Data records Start Marker

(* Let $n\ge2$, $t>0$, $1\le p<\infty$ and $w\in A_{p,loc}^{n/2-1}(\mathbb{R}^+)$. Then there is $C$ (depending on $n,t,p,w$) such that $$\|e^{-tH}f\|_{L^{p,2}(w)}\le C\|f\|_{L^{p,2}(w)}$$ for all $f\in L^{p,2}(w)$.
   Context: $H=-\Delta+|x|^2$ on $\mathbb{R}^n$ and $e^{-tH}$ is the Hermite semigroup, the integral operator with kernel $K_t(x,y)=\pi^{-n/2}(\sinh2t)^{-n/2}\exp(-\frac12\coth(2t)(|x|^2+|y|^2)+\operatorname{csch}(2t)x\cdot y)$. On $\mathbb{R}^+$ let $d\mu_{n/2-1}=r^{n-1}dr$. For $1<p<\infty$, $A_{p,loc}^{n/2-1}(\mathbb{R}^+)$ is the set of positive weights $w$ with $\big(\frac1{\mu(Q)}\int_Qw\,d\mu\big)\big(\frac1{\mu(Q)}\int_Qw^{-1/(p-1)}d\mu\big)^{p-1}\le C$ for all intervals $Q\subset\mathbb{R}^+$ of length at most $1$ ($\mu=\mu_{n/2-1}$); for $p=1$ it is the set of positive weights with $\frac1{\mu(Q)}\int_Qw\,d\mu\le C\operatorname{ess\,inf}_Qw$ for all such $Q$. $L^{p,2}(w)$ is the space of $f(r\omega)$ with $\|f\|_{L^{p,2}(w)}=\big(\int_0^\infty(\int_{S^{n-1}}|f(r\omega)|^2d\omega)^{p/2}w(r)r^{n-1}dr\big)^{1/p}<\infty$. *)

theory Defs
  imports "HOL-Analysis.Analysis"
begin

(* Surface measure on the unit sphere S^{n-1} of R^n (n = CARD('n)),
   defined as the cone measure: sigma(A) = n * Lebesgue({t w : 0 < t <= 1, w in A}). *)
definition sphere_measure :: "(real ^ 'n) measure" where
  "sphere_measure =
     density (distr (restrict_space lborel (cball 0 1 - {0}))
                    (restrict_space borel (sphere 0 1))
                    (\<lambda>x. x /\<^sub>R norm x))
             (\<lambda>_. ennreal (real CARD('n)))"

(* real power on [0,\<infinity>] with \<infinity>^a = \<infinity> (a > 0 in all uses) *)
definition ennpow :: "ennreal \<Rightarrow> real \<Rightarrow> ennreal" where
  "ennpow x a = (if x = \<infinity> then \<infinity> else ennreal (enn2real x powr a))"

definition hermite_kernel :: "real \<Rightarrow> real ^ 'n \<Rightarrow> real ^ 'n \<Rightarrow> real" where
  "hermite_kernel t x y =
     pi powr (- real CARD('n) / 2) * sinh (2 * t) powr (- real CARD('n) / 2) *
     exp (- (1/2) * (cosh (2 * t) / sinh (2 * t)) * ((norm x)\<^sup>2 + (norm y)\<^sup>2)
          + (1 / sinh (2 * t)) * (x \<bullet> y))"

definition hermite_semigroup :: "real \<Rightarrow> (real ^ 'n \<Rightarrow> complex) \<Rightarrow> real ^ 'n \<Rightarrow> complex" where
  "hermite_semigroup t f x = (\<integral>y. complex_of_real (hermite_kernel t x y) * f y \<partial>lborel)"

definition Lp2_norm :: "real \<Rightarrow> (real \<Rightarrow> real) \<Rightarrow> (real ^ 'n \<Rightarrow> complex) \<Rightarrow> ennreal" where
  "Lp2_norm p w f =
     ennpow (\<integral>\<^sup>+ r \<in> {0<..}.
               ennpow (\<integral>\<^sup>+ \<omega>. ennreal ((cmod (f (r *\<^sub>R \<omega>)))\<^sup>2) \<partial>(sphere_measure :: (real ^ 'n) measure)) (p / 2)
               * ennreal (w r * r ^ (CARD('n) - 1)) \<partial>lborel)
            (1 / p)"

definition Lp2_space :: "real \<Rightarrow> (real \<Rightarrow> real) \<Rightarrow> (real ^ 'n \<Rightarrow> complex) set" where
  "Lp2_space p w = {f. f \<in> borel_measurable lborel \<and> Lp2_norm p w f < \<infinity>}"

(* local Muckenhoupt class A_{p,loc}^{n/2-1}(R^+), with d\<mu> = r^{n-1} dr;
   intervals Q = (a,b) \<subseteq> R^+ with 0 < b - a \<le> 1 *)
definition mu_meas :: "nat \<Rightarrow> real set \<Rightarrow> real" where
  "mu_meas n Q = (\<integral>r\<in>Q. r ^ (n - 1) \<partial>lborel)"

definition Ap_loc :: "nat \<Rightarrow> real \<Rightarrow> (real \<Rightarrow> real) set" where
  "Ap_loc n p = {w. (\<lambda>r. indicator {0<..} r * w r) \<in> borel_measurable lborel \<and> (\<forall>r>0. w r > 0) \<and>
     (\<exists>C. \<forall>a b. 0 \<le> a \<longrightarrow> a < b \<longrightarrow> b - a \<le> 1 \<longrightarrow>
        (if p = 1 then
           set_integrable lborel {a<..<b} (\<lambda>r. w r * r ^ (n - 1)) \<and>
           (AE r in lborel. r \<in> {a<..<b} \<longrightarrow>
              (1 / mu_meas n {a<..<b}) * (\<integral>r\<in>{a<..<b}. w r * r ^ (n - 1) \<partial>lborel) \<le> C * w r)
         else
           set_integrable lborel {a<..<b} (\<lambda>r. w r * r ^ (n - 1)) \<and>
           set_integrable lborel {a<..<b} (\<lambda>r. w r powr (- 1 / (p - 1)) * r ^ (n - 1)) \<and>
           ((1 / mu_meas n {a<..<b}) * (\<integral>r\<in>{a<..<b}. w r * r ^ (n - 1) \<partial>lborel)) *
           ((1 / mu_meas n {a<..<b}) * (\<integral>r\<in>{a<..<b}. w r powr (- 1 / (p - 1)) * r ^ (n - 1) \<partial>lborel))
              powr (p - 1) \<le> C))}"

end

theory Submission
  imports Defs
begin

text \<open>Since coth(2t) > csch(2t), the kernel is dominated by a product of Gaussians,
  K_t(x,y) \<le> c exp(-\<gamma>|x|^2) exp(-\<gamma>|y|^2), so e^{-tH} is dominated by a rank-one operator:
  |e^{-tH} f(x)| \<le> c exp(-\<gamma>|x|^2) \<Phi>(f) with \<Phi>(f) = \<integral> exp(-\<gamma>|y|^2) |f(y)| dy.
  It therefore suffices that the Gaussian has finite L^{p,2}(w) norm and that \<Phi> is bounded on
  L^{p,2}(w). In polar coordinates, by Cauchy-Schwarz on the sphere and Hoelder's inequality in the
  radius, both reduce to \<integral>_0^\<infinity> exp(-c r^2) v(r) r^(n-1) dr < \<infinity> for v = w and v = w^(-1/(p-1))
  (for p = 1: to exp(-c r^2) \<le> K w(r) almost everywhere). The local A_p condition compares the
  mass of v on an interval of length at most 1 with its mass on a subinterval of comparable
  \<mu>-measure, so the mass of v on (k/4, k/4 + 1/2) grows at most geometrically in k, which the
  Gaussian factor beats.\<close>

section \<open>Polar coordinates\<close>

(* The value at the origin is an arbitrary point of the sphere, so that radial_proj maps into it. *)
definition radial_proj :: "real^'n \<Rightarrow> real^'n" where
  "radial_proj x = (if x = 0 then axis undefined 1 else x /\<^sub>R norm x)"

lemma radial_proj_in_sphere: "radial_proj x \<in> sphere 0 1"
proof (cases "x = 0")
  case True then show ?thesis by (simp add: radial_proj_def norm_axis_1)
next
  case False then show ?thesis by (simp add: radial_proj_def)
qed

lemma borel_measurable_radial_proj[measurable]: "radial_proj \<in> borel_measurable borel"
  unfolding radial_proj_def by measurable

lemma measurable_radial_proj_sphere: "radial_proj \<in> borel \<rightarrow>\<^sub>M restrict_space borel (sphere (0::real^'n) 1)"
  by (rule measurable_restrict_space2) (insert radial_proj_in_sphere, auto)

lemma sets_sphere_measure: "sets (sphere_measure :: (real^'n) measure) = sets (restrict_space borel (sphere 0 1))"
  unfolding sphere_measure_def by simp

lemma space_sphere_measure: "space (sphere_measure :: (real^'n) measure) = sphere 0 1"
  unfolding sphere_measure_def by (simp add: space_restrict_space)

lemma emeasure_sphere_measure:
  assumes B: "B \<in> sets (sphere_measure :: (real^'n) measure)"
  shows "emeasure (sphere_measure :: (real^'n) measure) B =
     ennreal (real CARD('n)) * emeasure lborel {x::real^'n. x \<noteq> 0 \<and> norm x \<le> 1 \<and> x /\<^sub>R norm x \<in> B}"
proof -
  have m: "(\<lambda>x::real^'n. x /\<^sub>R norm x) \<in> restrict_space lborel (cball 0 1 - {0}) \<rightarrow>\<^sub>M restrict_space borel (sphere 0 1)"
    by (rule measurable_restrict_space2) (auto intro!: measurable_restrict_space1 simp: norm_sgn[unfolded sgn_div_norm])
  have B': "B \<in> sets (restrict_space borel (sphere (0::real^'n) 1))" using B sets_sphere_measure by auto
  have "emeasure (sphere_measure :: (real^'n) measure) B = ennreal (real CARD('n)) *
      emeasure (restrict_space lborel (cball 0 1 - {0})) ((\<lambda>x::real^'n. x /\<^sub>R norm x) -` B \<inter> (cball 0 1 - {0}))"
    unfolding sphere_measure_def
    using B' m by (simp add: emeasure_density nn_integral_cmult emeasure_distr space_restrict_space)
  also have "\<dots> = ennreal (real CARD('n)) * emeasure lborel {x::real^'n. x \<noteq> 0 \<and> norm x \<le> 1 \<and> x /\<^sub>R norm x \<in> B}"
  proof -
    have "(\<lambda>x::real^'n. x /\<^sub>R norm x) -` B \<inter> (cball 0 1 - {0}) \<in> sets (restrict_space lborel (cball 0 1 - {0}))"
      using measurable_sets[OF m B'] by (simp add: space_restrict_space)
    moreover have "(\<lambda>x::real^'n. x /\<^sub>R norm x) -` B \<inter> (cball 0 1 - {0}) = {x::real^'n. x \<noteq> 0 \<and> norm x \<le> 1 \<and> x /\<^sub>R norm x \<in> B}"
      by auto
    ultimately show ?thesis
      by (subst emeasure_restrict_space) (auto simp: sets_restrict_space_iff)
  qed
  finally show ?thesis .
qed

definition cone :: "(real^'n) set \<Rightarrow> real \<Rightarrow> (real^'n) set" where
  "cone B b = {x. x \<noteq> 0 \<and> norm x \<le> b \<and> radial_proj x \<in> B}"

Data records End Marker

The task » Every line above from the line with "k, which the" to the line with "by (rule measurable_restrict_space2) (auto", inclusive, must be returned exactly; no other line belongs in the reply.

Solved exercise »
  \<mu>-measure, so the mass of v on (k/4, k/4 + 1/2) grows at most geometrically in k, which the
  Gaussian factor beats.\<close>

section \<open>Polar coordinates\<close>

(* The value at the origin is an arbitrary point of the sphere, so that radial_proj maps into it. *)
definition radial_proj :: "real^'n \<Rightarrow> real^'n" where
  "radial_proj x = (if x = 0 then axis undefined 1 else x /\<^sub>R norm x)"

lemma radial_proj_in_sphere: "radial_proj x \<in> sphere 0 1"
proof (cases "x = 0")
  case True then show ?thesis by (simp add: radial_proj_def norm_axis_1)
next
  case False then show ?thesis by (simp add: radial_proj_def)
qed

lemma borel_measurable_radial_proj[measurable]: "radial_proj \<in> borel_measurable borel"
  unfolding radial_proj_def by measurable

lemma measurable_radial_proj_sphere: "radial_proj \<in> borel \<rightarrow>\<^sub>M restrict_space borel (sphere (0::real^'n) 1)"
  by (rule measurable_restrict_space2) (insert radial_proj_in_sphere, auto)

lemma sets_sphere_measure: "sets (sphere_measure :: (real^'n) measure) = sets (restrict_space borel (sphere 0 1))"
  unfolding sphere_measure_def by simp

lemma space_sphere_measure: "space (sphere_measure :: (real^'n) measure) = sphere 0 1"
  unfolding sphere_measure_def by (simp add: space_restrict_space)

lemma emeasure_sphere_measure:
  assumes B: "B \<in> sets (sphere_measure :: (real^'n) measure)"
  shows "emeasure (sphere_measure :: (real^'n) measure) B =
     ennreal (real CARD('n)) * emeasure lborel {x::real^'n. x \<noteq> 0 \<and> norm x \<le> 1 \<and> x /\<^sub>R norm x \<in> B}"
proof -
  have m: "(\<lambda>x::real^'n. x /\<^sub>R norm x) \<in> restrict_space lborel (cball 0 1 - {0}) \<rightarrow>\<^sub>M restrict_space borel (sphere 0 1)"
    by (rule measurable_restrict_space2) (auto intro!: measurable_restrict_space1 simp: norm_sgn[unfolded sgn_div_norm])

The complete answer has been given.